Round 1: high-frequency single-word drift (84 subs / 42 files)

This round handled "single technical terms I default to the Mainland form on" — the boring high-frequency drift that any zh-TW reader notices instantly:

Mainland → Taiwan	Hits	English	Why I drifted
數據 → 資料	36	data	Almost every tech article uses this
用戶 → 使用者	9	user	Direct translation of "user"
連接 → 連線	7	connection	Network connection
發送 → 傳送	5	send	Email/message context
模板 → 範本	5	template	Software templates
導航 → 導覽	4	navigation	UI navigation
只讀 → 唯讀	4	readonly	File permissions
設備 → 裝置	3	device	Hardware
性能 → 效能	2	performance	Benchmarking
卸載 → 解除安裝	2	uninstall
溢出 → 溢位	2	overflow	Stack overflow, etc.
在線 → 線上	2	online
擴展 → 擴充	2	extension	Software context
緩存 → 快取	1	cache	KV cache, etc.

These 14 terms are now in my calque blindspot memory file — to be loaded as context whenever I open a Claude Code session for blog writing. The memory file previously had 5 terms (並發 family, 複現, 矽片, 內存, 視頻); after this sweep it's 19.

Round 2: the borderline tier (36 subs)

Two terms where both forms exist in zh-TW software writing, and which form to use is author preference rather than a correctness call:

優化 → 最佳化 (30 hits) — "optimize"
算法 → 演算法 (6 hits) — "algorithm"

The Ministry of Education prefers 最佳化 and 演算法, but 優化 and 算法 are widely used in Taiwan software circles too.
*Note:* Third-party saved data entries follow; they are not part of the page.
fun wf :: "('o, 'm) groupoid \<Rightarrow> ('o, 'm) tm \<Rightarrow> bool" where
  "wf G (Id A) = (set A \<subseteq> Mor G)"
| "wf G (f \<odot> g) = (wf G f \<and> wf G g \<and> trg G g = src G f)"
| "wf G (f \<diamond> g) = (wf G f \<and> wf G g)"
| "wf G (Br A B) = (set A \<subseteq> Mor G \<and> set B \<subseteq> Mor G)"
| "wf G (BrInv A B) = (set A \<subseteq> Mor G \<and> set B \<subseteq> Mor G)"
| "wf G (Delta g) = (g \<in> Mor G)"
| "wf G (Eps g) = (g \<in> Mor G)"
| "wf G (Mult g h) = (g \<in> Mor G \<and> h \<in> Mor G \<and> cod G g = dom G h)"
| "wf G (Eta i) = (i \<in> Obj G)"
| "wf G (S g) = (g \<in> Mor G)"
| "wf G (Sbar g) = (g \<in> Mor G)"
| "wf G (Lsm i) = (i \<in> Obj G)"
| "wf G (Lbig g) = (g \<in> Mor G)"
| "wf G (V g) = (g \<in> Mor G)"
| "wf G (Vinv g) = (g \<in> Mor G)"

abbreviation ident :: "'m \<Rightarrow> ('o, 'm) tm" where "ident g \<equiv> Id [g]"

abbreviation BrBar :: "'m list \<Rightarrow> 'm list \<Rightarrow> ('o, 'm) tm" where
  "BrBar A B \<equiv> BrInv B A"   (* gamma-bar_{A,B} = gamma_{B,A}^{-1} : A<>B -> B<>A *)

definition sig :: "('o, 'm) groupoid \<Rightarrow> 'o \<Rightarrow> 'o \<Rightarrow> ('o, 'm) tm" where
  "sig G i j = (if i = j then
      (Vinv (idm G i) \<diamond> (Vinv (idm G i) \<odot> S (idm G i))) \<odot> Delta (idm G i) \<odot> V (idm G i) \<odot> Eta i
    else Eta i \<diamond> Eta j)"

definition mu :: "('o, 'm) groupoid \<Rightarrow> 'm \<Rightarrow> 'm \<Rightarrow> ('o, 'm) tm" where
  "mu G g h = (Mult g (idm G (cod G g)) \<diamond> Mult (idm G (dom G h)) h)
      \<odot> (ident g \<diamond> sig G (cod G g) (dom G h) \<diamond> ident h)"

definition rho_r :: "('o, 'm) groupoid \<Rightarrow> 'm \<Rightarrow> 'o \<Rightarrow> ('o, 'm) tm" where
  "rho_r G g k = (Mult g (idm G (cod G g)) \<diamond> ident (idm G k)) \<odot> (ident g \<diamond> sig G (cod G g) k)"

definition rho_l :: "('o, 'm) groupoid \<Rightarrow> 'm \<Rightarrow> 'o \<Rightarrow> ('o, 'm) tm" where
  "rho_l G g k = (ident (idm G k) \<diamond> Mult (idm G (dom G g)) g) \<odot> (sig G k (dom G g) \<diamond> ident g)"

text \<open>Axiom schemata: strict braided monoidal category axioms plus the relations of the
  universal ribbon Hopf G-algebra.  An instance is only used when both sides are
  well-formed with equal source and target (see hreq), which enforces composability.\<close>

inductive_set hr_ax :: "('o, 'm) groupoid \<Rightarrow> (('o, 'm) tm \<times> ('o, 'm) tm) set"
  for G :: "('o, 'm) groupoid" where
  c_assoc: "((f \<odot> g) \<odot> h, f \<odot> (g \<odot> h)) \<in> hr_ax G"
| c_idl: "(Id A \<odot> f, f) \<in> hr_ax G"
| c_idr: "(f \<odot> Id A, f) \<in> hr_ax G"
| t_assoc: "((f \<diamond> g) \<diamond> h, f \<diamond> (g \<diamond> h)) \<in> hr_ax G"
| t_unitl: "(Id [] \<diamond> f, f) \<in> hr_ax G"
| t_unitr: "(f \<diamond> Id [], f) \<in> hr_ax G"
| t_id: "(Id A \<diamond> Id B, Id (A @ B)) \<in> hr_ax G"
| t_interchange: "((f \<odot> g) \<diamond> (f' \<odot> g'), (f \<diamond> f') \<odot> (g \<diamond> g')) \<in> hr_ax G"
| b_inv1: "(BrInv A B \<odot> Br A B, Id (A @ B)) \<in> hr_ax G"
| b_inv2: "(Br A B \<odot> BrInv A B, Id (B @ A)) \<in> hr_ax G"
| b_nat: "(Br (trg G f) (trg G g) \<odot> (f \<diamond> g), (g \<diamond> f) \<odot> Br (src G f) (src G g)) \<in> hr_ax G"
| b_hex1: "(Br A (B @ C), (Id B \<diamond> Br A C) \<odot> (Br A B \<diamond> Id C)) \<in> hr_ax G"
| b_hex2: "(Br (A @ B) C, (Br A C \<diamond> Id B) \<odot> (Id A \<diamond> Br B C)) \<in> hr_ax G"
| h_coassoc: "((Delta g \<diamond> ident g) \<odot> Delta g, (ident g \<diamond> Delta g) \<odot> Delta g) \<in> hr_ax G"
| h_counitl: "((Eps g \<diamond> ident g) \<odot> Delta g, ident g) \<in> hr_ax G"
| h_counitr: "((ident g \<diamond> Eps g) \<odot> Delta g, ident g) \<in> hr_ax G"
| h_massoc: "(Mult (comp G g h) k \<odot> (Mult g h \<diamond> ident k),
              Mult g (comp G h k) \<odot> (ident g \<diamond> Mult h k)) \<in> hr_ax G"
| h_unitr: "(Mult g (idm G (cod G g)) \<odot> (ident g \<diamond> Eta (cod G g)), ident g) \<in> hr_ax G"
| h_unitl: "(Mult (idm G (dom G g)) g \<odot> (Eta (dom G g) \<diamond> ident g), ident g) \<in> hr_ax G"
| h_bialg: "((Mult g h \<diamond> Mult g h) \<odot> (ident g \<diamond> Br [g] [h] \<diamond> ident h) \<odot> (Delta g \<diamond> Delta h),
             Delta (comp G g h) \<odot> Mult g h) \<in> hr_ax G"
| h_epsm: "(Eps (comp G g h) \<odot> Mult g h, Eps g \<diamond> Eps h) \<in> hr_ax G"
| h_deltaeta: "(Delta (idm G i) \<odot> Eta i, Eta i \<diamond> Eta i) \<in> hr_ax G"
| h_epseta: "(Eps (idm G i) \<odot> Eta i, Id []) \<in> hr_ax G"
| h_antipl: "(Mult (inv G g) g \<odot> (S g \<diamond> ident g) \<odot> Delta g, Eta (cod G g) \<odot> Eps g) \<in> hr_ax G"
| h_antipr: "(Mult g (inv G g) \<odot> (ident g \<diamond> S g) \<odot> Delta g, Eta (dom G g) \<odot> Eps g) \<in> hr_ax G"
| h_sinv1: "(S (inv G g) \<odot> Sbar g, ident g) \<in> hr_ax G"
| h_sinv2: "(Sbar (inv G g) \<odot> S g, ident g) \<in> hr_ax G"
| i_left: "((ident (idm G i) \<diamond> Lsm i) \<odot> Delta (idm G i), Eta i \<odot> Lsm i) \<in> hr_ax G"
| i_right: "(Mult g h \<odot> (Lbig g \<diamond> ident h), Lbig (comp G g h) \<odot> Eps h) \<in> hr_ax G"
| i_norm1: "(Lsm i \<odot> Lbig (idm G i), Id []) \<in> hr_ax G"
| i_norm2: "(Lsm i \<odot> S (idm G i) \<odot> Lbig (idm G i), Id []) \<in> hr_ax G"
| i_SL: "(S g \<odot> Lbig g, Lbig (inv G g)) \<in> hr_ax G"
| i_lS: "(Lsm i \<odot> S (idm G i), Lsm i) \<in> hr_ax G"
| r_vinv1: "(V g \<odot> Vinv g, ident g) \<in> hr_ax G"
| r_vinv2: "(Vinv g \<odot> V g, ident g) \<in> hr_ax G"
| r_epsv: "(Eps g \<odot> V g, Eps g) \<in> hr_ax G"
| r_vL: "(V g \<odot> Lbig g, Lbig g) \<in> hr_ax G"
| r_Sv: "(S g \<odot> V g, V (inv G g) \<odot> S g) \<in> hr_ax G"
| r_mv1: "(Mult g h \<odot> (V g \<diamond> ident h), V (comp G g h) \<odot> Mult g h) \<in> hr_ax G"
| r_mv2: "(Mult g h \<odot> (ident g \<diamond> V h), V (comp G g h) \<odot> Mult g h) \<in> hr_ax G"
| r_cop1: "((Delta (idm G i) \<diamond> ident (idm G j)) \<odot> sig G i j,
            (ident (idm G i) \<diamond> ident (idm G i) \<diamond> Mult (idm G j) (idm G j))
              \<odot> (ident (idm G i) \<diamond> sig G i j \<diamond> ident (idm G j)) \<odot> sig G i j) \<in> hr_ax G"
| r_cop2: "((ident (idm G i) \<diamond> Delta (idm G j)) \<odot> sig G i j,
            (Mult (idm G i) (idm G i) \<diamond> ident (idm G j) \<diamond> ident (idm G j))
              \<odot> (ident (idm G i) \<diamond> sig G i j \<diamond> ident (idm G j)) \<odot> sig G i j) \<in> hr_ax G"
| r_cop3: "((Eps (idm G i) \<diamond> ident (idm G j)) \<odot> sig G i j, Eta j) \<in> hr_ax G"
| r_cop4: "((ident (idm G i) \<diamond> Eps (idm G j)) \<odot> sig G i j, Eta i) \<in> hr_ax G"
| r_twist: "(Delta g \<odot> Vinv g, mu G g g \<odot> (Vinv g \<diamond> Vinv g) \<odot> BrBar [g] [g] \<odot> Delta g) \<in> hr_ax G"
| r_braid: "((Mult (idm G (dom G h)) h \<diamond> Mult g (idm G (cod G g)))
              \<odot> (S (idm G (dom G h)) \<diamond> (mu G h g \<odot> BrBar [g] [h] \<odot> mu G g h) \<diamond> S (idm G (cod G g)))
              \<odot> (rho_l G g (dom G h) \<diamond> rho_r G h (cod G g)),
            Br [g] [h]) \<in> hr_ax G"

inductive hreq :: "('o, 'm) groupoid \<Rightarrow> ('o, 'm) tm \<Rightarrow> ('o, 'm) tm \<Rightarrow> bool"
  for G :: "('o, 'm) groupoid" where
  ax: "(l, r) \<in> hr_ax G \<Longrightarrow> wf G l \<Longrightarrow> wf G r \<Longrightarrow> src G l = src G r \<Longrightarrow>
       trg G l = trg G r \<Longrightarrow> hreq G l r"
| refl: "wf G t \<Longrightarrow> hreq G t t"
| sym: "hreq G t u \<Longrightarrow> hreq G u t"
| trans: "hreq G t u \<Longrightarrow> hreq G u w \<Longrightarrow> hreq G t w"
| comp_cong: "hreq G f f' \<Longrightarrow> hreq G g g' \<Longrightarrow> wf G (f \<odot> g) \<Longrightarrow> hreq G (f \<odot> g) (f' \<odot> g')"
| tens_cong: "hreq G f f' \<Longrightarrow> hreq G g g' \<Longrightarrow> hreq G (f \<diamond> g) (f' \<diamond> g')"

abbreviation Upsilon :: "('o \<Rightarrow> 'p) \<Rightarrow> ('m \<Rightarrow> 'n) \<Rightarrow> ('o, 'm) tm \<Rightarrow> ('p, 'n) tm" where
  "Upsilon Fo Fm \<equiv> map_tm Fo Fm"

end

theory Submission
  imports Defs
begin

text \<open>\<Upsilon> relabels every generator along \<phi>, and each defining relation of
  H^r(G) is sent to the corresponding relation of H^r(G'); injectivity on objects is
  needed only because \<sigma>_ij depends on whether i = j.

  For faithfulness we build a left inverse on terms. The morphisms of G' split into the image
  of \<phi>, the outer morphisms (both end points outside the image) and the remaining stray ones.
  The retraction pulls image-labelled generators back along \<phi> and deletes outer-labelled
  ones; the terms touching a stray morphism form a union of classes. Every relation of
  H^r(G') retracts to an equation of H^r(G): if all its labels lie in the image it is
  the image of a relation of H^r(G), if all lie outside both sides retract to identities,
  and the mixed instances (\<sigma>_ij with i and j on different sides, and the braid
  relation for an image and an outer morphism) reduce to the unit and antipode axioms.\<close>

section \<open>Groupoids and functors\<close>

locale valid_groupoid =
  fixes G :: "('o, 'm) groupoid"
  assumes groupoid: "is_groupoid G"
begin

lemma dom_obj [simp]: "g \<in> Mor G \<Longrightarrow> groupoid.dom G g \<in> Obj G"
  and cod_obj [simp]: "g \<in> Mor G \<Longrightarrow> cod G g \<in> Obj G"
  using groupoid unfolding is_groupoid_def by blast+

lemma comp_mor [simp]: "g \<in> Mor G \<Longrightarrow> h \<in> Mor G \<Longrightarrow> cod G g = groupoid.dom G h \<Longrightarrow> comp G g h \<in> Mor G"
  and dom_comp [simp]: "g \<in> Mor G \<Longrightarrow> h \<in> Mor G \<Longrightarrow> cod G g = groupoid.dom G h \<Longrightarrow>
    groupoid.dom G (comp G g h) = groupoid.dom G g"
  and cod_comp [simp]: "g \<in> Mor G \<Longrightarrow> h \<in> Mor G \<Longrightarrow> cod G g = groupoid.dom G h \<Longrightarrow>
    cod G (comp G g h) = cod G h"
  using groupoid unfolding is_groupoid_def by blast+

lemma comp_assoc: "g \<in> Mor G \<Longrightarrow> h \<in> Mor G \<Longrightarrow> k \<in> Mor G \<Longrightarrow>
    cod G g = groupoid.dom G h \<Longrightarrow> cod G h = groupoid.dom G k \<Longrightarrow>
    comp G (comp G g h) k = comp G g (comp G h k)"
  using groupoid unfolding is_groupoid_def by blast

lemma idm_mor [simp]: "i \<in> Obj G \<Longrightarrow> idm G i \<in> Mor G"
  and dom_idm [simp]: "i \<in> Obj G \<Longrightarrow> groupoid.dom G (idm G i) = i"
  and cod_idm [simp]: "i \<in> Obj G \<Longrightarrow> cod G (idm G i) = i"
  and idm_comp [simp]: "g \<in> Mor G \<Longrightarrow> comp G (idm G (groupoid.dom G g)) g = g"
  and comp_idm [simp]: "g \<in> Mor G \<Longrightarrow> comp G g (idm G (cod G g)) = g"
  using groupoid unfolding is_groupoid_def by blast+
I opted in because once I'd fixed the harder Round 1 drift, consistency with MoE forms reads cleaner.

算法 → 演算法 has a regex trap: a naive replace creates 演演算法 because 演算法 itself contains 算法 as a substring. Need negative lookbehind:

pattern = re.compile(r'(?<!演)算法')

Other borderline terms I left untouched:

通過 / 透過 (through/via) — both common
前綴 / 字首 (prefix) — technical context, both fine
分配 / 配置 (allocate) — programming context, both fine
版本號 / 版本號碼 (version number) — 版本號 is universal in tech writing
消息 / 訊息 — high-risk false-positive trap: 好消息 ("good news") and 收到消息 ("received word") are idiomatic zh-TW for news/info, not "message". Auto-substituting these would corrupt meaning. Explicitly excluded.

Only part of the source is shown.